Exercise description: Please transcribe the entries below without omitting a single character.

□ □ □ □

theorem proposition20:
  fixes d t :: nat and p :: "nat \<Rightarrow> real" and u v :: "nat \<Rightarrow> nat \<Rightarrow> complex"
    and \<psi> :: "nat \<Rightarrow> nat \<Rightarrow> complex" and \<pi> \<sigma> :: "nat \<Rightarrow> nat"
  assumes "d \<ge> 1" and "t \<ge> 2"
    and p_nonneg: "\<And>i. i < d \<Longrightarrow> p i \<ge> 0"
    and p_sum: "(\<Sum>i<d. p i) = 1"
    and u_on: "\<And>i j. i < d \<Longrightarrow> j < d \<Longrightarrow> (\<Sum>a<d. cnj (u i a) * u j a) = (if i = j then 1 else 0)"
    and v_on: "\<And>i j. i < d \<Longrightarrow> j < d \<Longrightarrow> (\<Sum>b<d. cnj (v i b) * v j b) = (if i = j then 1 else 0)"
    and schmidt: "\<And>a b. \<psi> a b = (\<Sum>i<d. complex_of_real (sqrt (p i)) * u i a * v i b)"
    and "\<pi> permutes {0..<t}" and "\<sigma> permutes {0..<t}"
  shows "trace_perm_proj d t \<pi> \<sigma> \<psi> = complex_of_real (chi d p t (\<sigma> \<circ> inv \<pi>))
    \<and> d_alpha d p 0 powr (real (card (perm_cycles t (\<sigma> \<circ> inv \<pi>))) - real t) \<le> chi d p t (\<sigma> \<circ> inv \<pi>)
    \<and> chi d p t (\<sigma> \<circ> inv \<pi>) \<le> d_alpha d p (real t) powr (real (card (perm_cycles t (\<sigma> \<circ> inv \<pi>))) - real t)"
proof -
  have \<pi>: "\<pi> permutes {..<t}" and \<sigma>: "\<sigma> permutes {..<t}"
    using assms(8,9) by (simp_all add: atLeast0LessThan)
  have \<beta>: "\<sigma> \<circ> inv \<pi> permutes {0..<t}"
    using assms(8,9) by (intro permutes_compose permutes_inv)
  have "trace_perm_proj d t \<pi> \<sigma> \<psi> = complex_of_real (chi d p t (\<sigma> \<circ> inv \<pi>))"
    by (simp only: trace_perm_proj_eq_sum_invariant[OF p_nonneg u_on v_on schmidt \<pi> \<sigma>]
        sum_invariant_eq_chi[OF \<beta>])
  moreover have "d_alpha d p 0 powr (real (card (perm_cycles t (\<sigma> \<circ> inv \<pi>))) - real t)
      \<le> chi d p t (\<sigma> \<circ> inv \<pi>)"
    using chi_ge_support_card_powr[OF \<beta> p_nonneg p_sum]
    by (simp add: d_alpha_zero[OF p_nonneg p_sum])
  moreover have "chi d p t (\<sigma> \<circ> inv \<pi>)
      \<le> d_alpha d p (real t) powr (real (card (perm_cycles t (\<sigma> \<circ> inv \<pi>))) - real t)"
    using chi_le_moment_powr[OF \<beta> p_nonneg p_sum \<open>t \<ge> 2\<close>] \<open>t \<ge> 2\<close>
    by (simp add: d_alpha_of_nat[OF p_nonneg p_sum])
  ultimately show ?thesis by blast
qed

end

□ □ □ □

Solution to the problem:
theorem proposition20:
  fixes d t :: nat and p :: "nat \<Rightarrow> real" and u v :: "nat \<Rightarrow> nat \<Rightarrow> complex"
    and \<psi> :: "nat \<Rightarrow> nat \<Rightarrow> complex" and \<pi> \<sigma> :: "nat \<Rightarrow> nat"
  assumes "d \<ge> 1" and "t \<ge> 2"
    and p_nonneg: "\<And>i. i < d \<Longrightarrow> p i \<ge> 0"
    and p_sum: "(\<Sum>i<d. p i) = 1"
    and u_on: "\<And>i j. i < d \<Longrightarrow> j < d \<Longrightarrow> (\<Sum>a<d. cnj (u i a) * u j a) = (if i = j then 1 else 0)"
    and v_on: "\<And>i j. i < d \<Longrightarrow> j < d \<Longrightarrow> (\<Sum>b<d. cnj (v i b) * v j b) = (if i = j then 1 else 0)"
    and schmidt: "\<And>a b. \<psi> a b = (\<Sum>i<d. complex_of_real (sqrt (p i)) * u i a * v i b)"
    and "\<pi> permutes {0..<t}" and "\<sigma> permutes {0..<t}"
  shows "trace_perm_proj d t \<pi> \<sigma> \<psi> = complex_of_real (chi d p t (\<sigma> \<circ> inv \<pi>))
    \<and> d_alpha d p 0 powr (real (card (perm_cycles t (\<sigma> \<circ> inv \<pi>))) - real t) \<le> chi d p t (\<sigma> \<circ> inv \<pi>)
    \<and> chi d p t (\<sigma> \<circ> inv \<pi>) \<le> d_alpha d p (real t) powr (real (card (perm_cycles t (\<sigma> \<circ> inv \<pi>))) - real t)"
proof -
  have \<pi>: "\<pi> permutes {..<t}" and \<sigma>: "\<sigma> permutes {..<t}"
    using assms(8,9) by (simp_all add: atLeast0LessThan)
  have \<beta>: "\<sigma> \<circ> inv \<pi> permutes {0..<t}"
    using assms(8,9) by (intro permutes_compose permutes_inv)
  have "trace_perm_proj d t \<pi> \<sigma> \<psi> = complex_of_real (chi d p t (\<sigma> \<circ> inv \<pi>))"
    by (simp only: trace_perm_proj_eq_sum_invariant[OF p_nonneg u_on v_on schmidt \<pi> \<sigma>]
        sum_invariant_eq_chi[OF \<beta>])
  moreover have "d_alpha d p 0 powr (real (card (perm_cycles t (\<sigma> \<circ> inv \<pi>))) - real t)
      \<le> chi d p t (\<sigma> \<circ> inv \<pi>)"
    using chi_ge_support_card_powr[OF \<beta> p_nonneg p_sum]
    by (simp add: d_alpha_zero[OF p_nonneg p_sum])
  moreover have "chi d p t (\<sigma> \<circ> inv \<pi>)
      \<le> d_alpha d p (real t) powr (real (card (perm_cycles t (\<sigma> \<circ> inv \<pi>))) - real t)"
    using chi_le_moment_powr[OF \<beta> p_nonneg p_sum \<open>t \<ge> 2\<close>] \<open>t \<ge> 2\<close>
    by (simp add: d_alpha_of_nat[OF p_nonneg p_sum])
  ultimately show ?thesis by blast
qed

end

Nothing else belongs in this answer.